2. data/processed/ (The Assembly Line)
   -----------------------------------
   This folder contains the transformed data stages.

   - 01_primary/ (Silver Layer - "Business Truth")
     • Content: Cleaned, typed, and joined data. No machine learning math yet.
     • State: Readable by a human analyst (e.g., 'Gender' is "Male", not '0').
     • Why: You need a clean "Master Table" that can be used for BI dashboards AND machine learning.

   - 02_feature/ (Gold Layer - "Math Ready")
     • Content: Data transformed for math.
     • State: 'Gender' is '0', Prices are Log-Scaled, Text is TF-IDF vectors.
     • Why: Algorithms cannot read strings. This is the bridge between Human Reality and Machine Reality.

   - 03_model_input/ (The Vault - "Leakage Proof")
     • Content: The strict Train/Validation/Test splits (X_train.parquet, y_test.parquet).
     • State: Imputation happens AFTER this split.
     • Why: To guarantee that the Test Set never influences the Training Set (preventing Data Leakage).

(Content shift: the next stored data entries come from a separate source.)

lemma invsqrt_iteration:
  fixes x :: real and b :: nat
  defines "y \<equiv> (invsqrt_step b x ^^ nat \<lceil>log 2 (real b)\<rceil>) 1"
  assumes x: "1 / 2 \<le> x" "x < 1" and b: "25 \<le> b"
  shows "1 \<le> y" "sqrt x * y \<le> 1" "1 - sqrt x * y \<le> 15 / 2 ^ b"
proof -
  define Y where "Y i = (invsqrt_step b x ^^ i) 1" for i
  define s where "s = nat \<lceil>log 2 (real b)\<rceil>"
  have Y_Suc: "Y (Suc i) = invsqrt_step b x (Y i)" for i by (simp add: Y_def)
  have inv: "1 \<le> Y i \<and> sqrt x * Y i \<le> 1 \<and> trunc_bits b (Y i) = Y i" for i
  proof (induction i)
    case 0 show ?case using x by (simp add: Y_def trunc_bits_one)
  next
    case (Suc i) then show ?case
      using invsqrt_step_bounds[of x "Y i" b] x by (auto simp: Y_Suc)
  qed
  then show "1 \<le> y" "sqrt x * y \<le> 1" by (auto simp: y_def Y_def)
  define d :: real where "d = 1 / 2 ^ b"
  have d: "0 \<le> d" "d \<le> 1 / 10000" using power_increasing[of 25 b "2::real"] b
    by (auto simp: d_def field_simps)
  have "sqrt (49 / 100) \<le> sqrt x" using x by (intro real_sqrt_le_mono) simp
  moreover have "sqrt (49 / 100 :: real) = 7 / 10" by (simp add: real_sqrt_divide)
  ultimately have c: "7 / 10 \<le> sqrt x" by simp
  have "3 / 2 * (1 - sqrt x * Y s) \<le> (9 / 20) ^ 2 ^ s + 21 * d"
  proof (rule quadratic_recurrence_bound[where a = "\<lambda>i. 3 / 2 * (1 - sqrt x * Y i)"])
    show "0 \<le> 3 / 2 * (1 - sqrt x * Y i)" for i using inv[of i] by simp
    show "3 / 2 * (1 - sqrt x * Y (Suc i)) \<le> (3 / 2 * (1 - sqrt x * Y i))\<^sup>2 + 2 * d" for i
    proof -
      have "1 - sqrt x * Y (Suc i) \<le> 3 / 2 * (1 - sqrt x * Y i)\<^sup>2 + d"
        using invsqrt_step_error[of x "Y i" b] inv[of i] x by (simp add: Y_Suc d_def)
      then have "3 / 2 * (1 - sqrt x * Y (Suc i)) \<le> 9 / 4 * (1 - sqrt x * Y i)\<^sup>2 + 3 / 2 * d"
        by simp
      moreover have sq: "(3 / 2 * t)\<^sup>2 = 9 / 4 * t\<^sup>2" for t :: real by (simp add: power2_eq_square)
      ultimately show ?thesis using d unfolding sq by simp
    qed
    show "3 / 2 * (1 - sqrt x * Y 0) \<le> 9 / 20 + 21 * d" using c d by (simp add: Y_def)
  qed (use d in auto)
  also have "(9 / 20 :: real) ^ 2 ^ s \<le> (1 / 2) ^ 2 ^ s" by (intro power_mono) auto
  also have "\<dots> \<le> d" using half_pow_ceiling_log_le[of b] b by (simp add: s_def d_def)
  finally have "3 - 3 * (sqrt x * Y s) \<le> 44 * d" by simp
  then have "1 - sqrt x * Y s \<le> 15 * d" using d by linarith
  then show "1 - sqrt x * y \<le> 15 / 2 ^ b" by (simp add: y_def Y_def s_def d_def)
qed

lemma ln_inverse_sqrt_error:
  fixes w x y E\<^sub>1 E\<^sub>2 :: real
  assumes pos: "0 < w" "0 < x" "0 < y"
    and E: "0 \<le> E\<^sub>1" "E\<^sub>1 \<le> 1 / 2" "0 \<le> E\<^sub>2" "E\<^sub>2 \<le> 1 / 2"
    and wx: "1 - E\<^sub>1 \<le> w * x" "w * x \<le> 1" and xy: "1 - E\<^sub>2 \<le> sqrt x * y" "sqrt x * y \<le> 1"
  shows "\<bar>ln y - ln w / 2\<bar> \<le> max E\<^sub>1 (2 * E\<^sub>2)"
proof -
  have "ln y - ln w / 2 = ln (sqrt x * y) - ln (w * x) / 2"
    using pos by (simp add: ln_mult ln_sqrt) (simp add: field_simps)
  moreover have "ln (1 - E\<^sub>1) \<le> ln (w * x)" "ln (w * x) \<le> 0"
    using pos E wx by auto
  moreover have "ln (1 - E\<^sub>2) \<le> ln (sqrt x * y)" "ln (sqrt x * y) \<le> 0"
    using pos E xy by auto
  ultimately have "ln y - ln w / 2 \<le> E\<^sub>1" "ln w / 2 - ln y \<le> 2 * E\<^sub>2"
    using minus_ln_one_minus_le[of E\<^sub>1] minus_ln_one_minus_le[of E\<^sub>2] E by linarith+
  then show ?thesis by (auto simp: abs_le_iff le_max_iff_disj)
qed

lemma SQRT_eq_iterates:
  fixes w :: real and b :: nat
  defines "s \<equiv> nat \<lceil>log 2 (real b)\<rceil>"
  defines "x \<equiv> (reciprocal_step b w ^^ s) (1 / 2)"
  assumes w: "1 < w" "w < 2" and b: "25 \<le> b"
  shows "SQRT b w = (invsqrt_step b x ^^ s) 1"
proof -
  have x: "1 / 2 \<le> x" "x < 1"
    using reciprocal_iteration[of w b] w b divide_less_eq_1[of 1 w] unfolding x_def s_def
    by (auto intro: order.strict_trans1)
  have the_q: "(THE q :: nat. 2 powr (1 - real q) > x \<and> x \<ge> 2 powr (- real q)) = 1"
  proof (rule the_equality)
    fix q :: nat assume q: "2 powr (1 - real q) > x \<and> x \<ge> 2 powr (- real q)"
    have "2 powr (- 1) < 2 powr (1 - real q)" using q x by (simp add: powr_minus_divide)
    moreover have "2 powr (- real q) < 1" using q x by linarith
    then have "2 powr (- real q) < 2 powr 0" by simp
    ultimately show "q = 1" by (subst (asm) (1 2) powr_less_cancel_iff) auto
  qed (use x in \<open>simp add: powr_minus_divide\<close>)
  have reciprocal_eq: "(\<lambda>x. trunc_bits b (- w * x\<^sup>2 + 2 * x)) = reciprocal_step b w"
    by (simp add: fun_eq_iff reciprocal_step_def)
  have invsqrt_eq: "(\<lambda>y. trunc_bits b ((3 * y - z * y ^ 3) / 2)) = invsqrt_step b z" for z
    by (simp add: fun_eq_iff invsqrt_step_def)
  show ?thesis
    unfolding SQRT_def Let_def reciprocal_eq invsqrt_eq
    using w the_binary_exponent[of 1 w] the_q by (simp add: s_def x_def)
qed

lemma SQRT_bounds:
  fixes w :: real
  assumes w: "1 \<le> w" "w < 2" and b: "25 \<le> b"
  shows "1 \<le> SQRT b w" "SQRT b w < 2" "\<bar>ln (SQRT b w) - ln w / 2\<bar> \<le> 30 / 2 ^ b"
proof -
  consider "w = 1" | "1 < w" using w by linarith
  then have "1 \<le> SQRT b w \<and> SQRT b w < 2 \<and> \<bar>ln (SQRT b w) - ln w / 2\<bar> \<le> 30 / 2 ^ b"
  proof cases
    case 1 then show ?thesis by (simp add: SQRT_def)
  next
    case 2
    define s where "s = nat \<lceil>log 2 (real b)\<rceil>"
    define x where "x = (reciprocal_step b w ^^ s) (1 / 2)"
    define y where "y = (invsqrt_step b x ^^ s) 1"
    have x: "1 / 2 \<le> x" "x \<le> 1 / w" "1 - w * x \<le> 22 / 2 ^ b"
      using reciprocal_iteration[of w b] w b by (auto simp: x_def s_def)
    have "x < 1" using x(2) divide_less_eq_1[of 1 w] 2 by linarith
    have y: "1 \<le> y" "sqrt x * y \<le> 1" "1 - sqrt x * y \<le> 15 / 2 ^ b"
      using invsqrt_iteration[of x b] \<open>x < 1\<close> x b by (auto simp: y_def s_def)
    have "sqrt (1 / 4) < sqrt x" using x by (intro real_sqrt_less_mono) simp
    then have "(1 / 2) * y < sqrt x * y"
      using y by (intro mult_strict_right_mono) (auto simp: real_sqrt_divide)
    then have "y < 2" using y(2) by linarith
    moreover have "\<bar>ln y - ln w / 2\<bar> \<le> max (22 / 2 ^ b) (2 * (15 / 2 ^ b))"
    proof (rule ln_inverse_sqrt_error)
      have "(2::real) ^ 25 \<le> 2 ^ b" using b by (intro power_increasing) auto
      then show "22 / 2 ^ b \<le> (1 / 2 :: real)" "15 / 2 ^ b \<le> (1 / 2 :: real)"
        by (simp_all add: field_simps)
      show "w * x \<le> 1" using x(2) w by (simp add: field_simps)
    qed (use w x y in auto)
    moreover have "22 / 2 ^ b \<le> (30 / 2 ^ b :: real)" by (simp add: divide_right_mono)
    moreover have "SQRT b w = y" using SQRT_eq_iterates[OF 2 w(2) b] by (simp add: s_def x_def y_def)
    ultimately show ?thesis using y(1) by (simp add: max_absorb2)
  qed
  then show "1 \<le> SQRT b w" "SQRT b w < 2" "\<bar>ln (SQRT b w) - ln w / 2\<bar> \<le> 30 / 2 ^ b" by auto
qed

lemma PowerOf2Roots_bounds:
  fixes x :: real
  assumes x: "1 \<le> x" "x < 2" and b: "25 \<le> b"
  shows "1 \<le> PowerOf2Roots b x i \<and> PowerOf2Roots b x i < 2 \<and>
         \<bar>2 ^ i * ln (PowerOf2Roots b x i) - ln x\<bar> \<le> 2 ^ i * 60 / 2 ^ b"
proof (induction i)
  case 0 then show ?case using x by (simp add: PowerOf2Roots_def)
next
  case (Suc i)
  define t where "t = PowerOf2Roots b x i"
  have t: "1 \<le> t" "t < 2" "\<bar>2 ^ i * ln t - ln x\<bar> \<le> 2 ^ i * 60 / 2 ^ b"
    using Suc by (auto simp: t_def)
  have t': "PowerOf2Roots b x (Suc i) = SQRT b t" by (simp add: PowerOf2Roots_def t_def)
  have "2 ^ Suc i * ln (SQRT b t) - ln x
      = 2 ^ Suc i * (ln (SQRT b t) - ln t / 2) + (2 ^ i * ln t - ln x)"
    by (simp add: algebra_simps)
  then have "\<bar>2 ^ Suc i * ln (SQRT b t) - ln x\<bar>
      \<le> 2 ^ Suc i * \<bar>ln (SQRT b t) - ln t / 2\<bar> + \<bar>2 ^ i * ln t - ln x\<bar>"
    by (metis abs_mult abs_of_nonneg abs_triangle_ineq zero_le_numeral zero_le_power)
  also have "\<dots> \<le> 2 ^ Suc i * (30 / 2 ^ b) + 2 ^ i * 60 / 2 ^ b"
    using SQRT_bounds(3)[OF t(1,2) b] t(3) by (intro add_mono mult_left_mono) auto
  also have "\<dots> = 2 ^ Suc i * 60 / 2 ^ b" by simp
  finally have "\<bar>2 ^ Suc i * ln (SQRT b t) - ln x\<bar> \<le> 2 ^ Suc i * 60 / 2 ^ b" .
  then show ?case using SQRT_bounds(1,2)[OF t(1,2) b] by (simp add: t')
qed

text \<open>The value \<open>z\<^sub>p\<close> of Algorithm LN as a function of the mantissa \<open>x = w\<^sub>p\<close>.\<close>
definition LN_reduced :: "nat \<Rightarrow> nat \<Rightarrow> real \<Rightarrow> real" where
  "LN_reduced b l x =
    (if x = 1 then 0
     else 2 ^ l * trunc_bits b ((PowerOf2Roots b x l - 1) - (PowerOf2Roots b x l - 1)\<^sup>2 / 2))"

lemma two_pow_div_two_pow_le:
  assumes "25 \<le> b" "5 * l \<le> b"
  shows "(2::real) ^ l / 2 ^ b \<le> (1 / 16) ^ l" "(2::real) ^ l / 2 ^ b \<le> 1 / 1000"
proof -
  have "(2::real) ^ l / 2 ^ b = (1 / 2) ^ (b - l)" using assms by (simp add: power_diff power_one_over)
  moreover have "(1 / 2 :: real) ^ (b - l) \<le> (1 / 2) ^ (4 * l)" "(1 / 2 :: real) ^ (b - l) \<le> (1 / 2) ^ 20"
    using assms by (simp_all add: power_decreasing)
  moreover have "(1 / 2 :: real) ^ (4 * l) = (1 / 16) ^ l" by (simp add: power_mult power_one_over)
  moreover have "(1 / 2 :: real) ^ 20 \<le> 1 / 1000" by (simp add: power_one_over)
  ultimately show "(2::real) ^ l / 2 ^ b \<le> (1 / 16) ^ l" "(2::real) ^ l / 2 ^ b \<le> 1 / 1000"
    by linarith+
qed

lemma scaled_cube_le:
  fixes u :: real assumes "2 ^ l * u \<le> 3" "0 \<le> u" shows "2 ^ l * (u ^ 3 / 3) \<le> 9 * (1 / 4) ^ l"
proof -
  have "((2::real) ^ l) ^ 3 * (1 / 4) ^ l = (2 ^ 3) ^ l * (1 / 4) ^ l"
    by (metis power_mult mult.commute)
  also have "\<dots> = 2 ^ l" by (simp flip: power_mult_distrib)
  finally have "2 ^ l * (u ^ 3 / 3) = (2 ^ l * u) ^ 3 / 3 * (1 / 4) ^ l"
    by (simp add: power_mult_distrib)
  moreover have "(2 ^ l * u) ^ 3 \<le> 3 ^ 3" using assms by (intro power_mono) auto
  ultimately show ?thesis by simp
qed

lemma LN_reduced_error:
  fixes x :: real
  assumes x: "1 \<le> x" "x < 2" and b: "25 \<le> b" "5 * l \<le> b"
  shows "\<bar>LN_reduced b l x - ln x\<bar> \<le> 70 * (1 / 4) ^ l"
proof (cases "x = 1")
  case True then show ?thesis by (simp add: LN_reduced_def)
next
  case False
  define d :: real where "d = 1 / 2 ^ b"
  define t where "t = PowerOf2Roots b x l"
  define u where "u = t - 1"
  define y where "y = u - u\<^sup>2 / 2"
  have t: "1 \<le> t" "t < 2" "\<bar>2 ^ l * ln t - ln x\<bar> \<le> 60 * (2 ^ l * d)"
    using PowerOf2Roots_bounds[OF x b(1), of l] by (auto simp: t_def d_def mult.commute)
  have u: "0 \<le> u" "ln t = ln (1 + u)" using t by (auto simp: u_def)
  have small: "2 ^ l * d \<le> (1 / 16) ^ l" "2 ^ l * d \<le> 1 / 1000"
    using two_pow_div_two_pow_le[OF b] by (simp_all add: d_def)
  have "ln x < ln 2" using x by simp
  then have ln_t: "2 ^ l * ln t \<le> 3 / 2" using abs_le_D1[OF t(3)] small(2) ln_2_less_1 by linarith
  have "t * ln t \<le> 2 * ln t" using t by (intro mult_right_mono) auto
  then have "u \<le> 2 * ln t" using diff_one_le_mult_ln[OF t(1)] by (simp add: u_def)
  then have "2 ^ l * u \<le> 2 * (2 ^ l * ln t)" using mult_left_mono[of u "2 * ln t" "2 ^ l"] by simp
  then have "2 ^ l * u \<le> 3" using ln_t by linarith
  then have cubic: "2 ^ l * (u ^ 3 / 3) \<le> 9 * (1 / 4) ^ l" using u(1) by (rule scaled_cube_le)
  have taylor: "\<bar>2 ^ l * (y - ln t)\<bar> \<le> 2 ^ l * (u ^ 3 / 3)"
    using ln_add_one_ge[OF u(1)] ln_add_one_le[OF u(1)] u(2) by (simp add: y_def abs_mult abs_le_iff)
  have rounding: "\<bar>2 ^ l * (trunc_bits b y - y)\<bar> \<le> 2 ^ l * d"
    using mult_left_mono[OF trunc_bits_error[of b y], of "2 ^ l"] by (simp add: abs_mult d_def)
  have "LN_reduced b l x - ln x = 2 ^ l * (trunc_bits b y - y) + 2 ^ l * (y - ln t) + (2 ^ l * ln t - ln x)"
    using False by (simp add: LN_reduced_def t_def [symmetric] y_def u_def algebra_simps)
  then have "\<bar>LN_reduced b l x - ln x\<bar> \<le> 61 * (1 / 16) ^ l + 9 * (1 / 4) ^ l"
    using rounding taylor cubic t(3) small(1) by linarith
  also have "(1 / 16 :: real) ^ l \<le> (1 / 4) ^ l" by (intro power_mono) auto
  finally show ?thesis by simp
qed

3. data/models/ (The Artifacts)
   ----------------------------
   • Content: The outputs of the training process.
   
   - artifacts/
     • Content: Binary files (.pkl, .joblib, .onnx, .pt).
     • Why: This is the "Cake" you ship to production servers (via KitOps).
   
   - predictions/
     • Content: CSVs containing Model Scores and Probabilities.
     • Why: Needed for offline analysis in '03_auditing' notebooks.

4. data/reporting/ (The Presentation)
   ----------------------------------
   • Content: PNG plots, Confusion Matrices, HTML dashboards, SHAP value plots.
   • Why: Stakeholders (CEOs, PMs) do not read code or parquet files. They read charts.